■ WHAT TO WORK ON
Which lines of the entries below hold the word "assumes"? Report each of them.

-- Opening Marker --

lemma sq_gap_mono_spread:
  fixes d d' :: "'a \<Rightarrow> nat"
  assumes "a \<in> V" "b \<in> V" "{a, b} \<noteq> {u, v}"
    and min: "\<forall>w\<in>V. d u \<le> d w \<and> d v \<le> d w"
    and max: "\<forall>w\<in>V. d w \<le> d x"
    and dec: "d' u \<le> d u" "d' v \<le> d v"
    and inc: "d x \<le> d' x"
    and unchanged: "\<forall>w\<in>V - {u, v, x}. d' w = d w"
  shows "sq_gap (d a) (d b) \<le> sq_gap (d' a) (d' b)"
proof -
  have spread: "sq_gap (d s) (d t) \<le> sq_gap (d' s) (d' t)"
    if "d' s \<le> d s" "d s \<le> d t" "d t \<le> d' t" for s t
    using sq_gap_mono[OF that] by (simp add: sq_gap_commute)
  have grow: "d w \<le> d' w" if "w \<in> V" "w \<notin> {u, v}" for w
    using that inc unchanged by (cases "w = x") auto
  consider "a \<in> {u, v}" "b \<notin> {u, v}" | "a \<notin> {u, v}" "b \<in> {u, v}" | "a = b"
    | "a \<notin> {u, v}" "b \<notin> {u, v}" "a \<noteq> b"
    using assms(3) by blast
  then show ?thesis
  proof cases
    case 1
    then show ?thesis using spread[of a b] grow[of b] assms(1,2) min dec by auto
  next
    case 2
    then show ?thesis using spread[of b a] grow[of a] assms(1,2) min dec by (auto simp: sq_gap_commute)
  next
    case 4
    then consider "a = x" "b \<in> V - {u, v, x}" | "b = x" "a \<in> V - {u, v, x}" | "a \<in> V - {u, v, x}" "b \<in> V - {u, v, x}"
      using assms(1,2) by blast
    then show ?thesis
      by cases (use spread[of b a] spread[of a b] max inc unchanged assms(1,2) in \<open>auto simp: sq_gap_commute\<close>)
  qed simp
qed

definition cM2_edge :: "'a set set \<Rightarrow> 'a set \<Rightarrow> nat" where
  "cM2_edge E e = (THE k. \<exists>u v. e = {u, v} \<and> u \<noteq> v \<and>
      int k = \<bar>int (degree E u) ^ 2 - int (degree E v) ^ 2\<bar>)"

lemma cM2_eq_sum: "cM2 E = (\<Sum>e\<in>E. cM2_edge E e)"
  unfolding cM2_def cM2_edge_def ..

lemma cM2_edge_doubleton:
  assumes "a \<noteq> b"
  shows "cM2_edge E {a, b} = sq_gap (degree E a) (degree E b)"
  unfolding cM2_edge_def
proof (rule the_equality)
  show "\<exists>u v. {a, b} = {u, v} \<and> u \<noteq> v \<and>
      int (sq_gap (degree E a) (degree E b)) = \<bar>int (degree E u) ^ 2 - int (degree E v) ^ 2\<bar>"
    using assms unfolding sq_gap_def by (intro exI[of _ a] exI[of _ b]) simp
next
  fix k assume "\<exists>u v. {a, b} = {u, v} \<and> u \<noteq> v \<and>
      int k = \<bar>int (degree E u) ^ 2 - int (degree E v) ^ 2\<bar>"
  then obtain u v where "{a, b} = {u, v}" and "int k = int (sq_gap (degree E u) (degree E v))"
    unfolding sq_gap_def by auto
  then show "k = sq_gap (degree E a) (degree E b)"
    by (auto simp: doubleton_eq_iff sq_gap_commute)
qed

lemma simple_graph_finite_edges: "simple_graph V E \<Longrightarrow> finite E"
  unfolding simple_graph_def by (meson PowI finite_Pow_iff finite_subset subsetI)

lemma Diff_doubleton_nonempty:
  assumes "2 < card V"
  shows "V - {u, v} \<noteq> {}"
proof
  assume "V - {u, v} = {}"
  then have "card V \<le> card {u, v}"
    by (intro card_mono) auto
  also have "\<dots> \<le> 2"
    by (cases "u = v") auto
  finally show False
    using assms by simp
qed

-- Closing Marker --

■ ANSWER BOX
  assumes "a \<in> V" "b \<in> V" "{a, b} \<noteq> {u, v}"
  assumes "a \<noteq> b"
  assumes "2 < card V"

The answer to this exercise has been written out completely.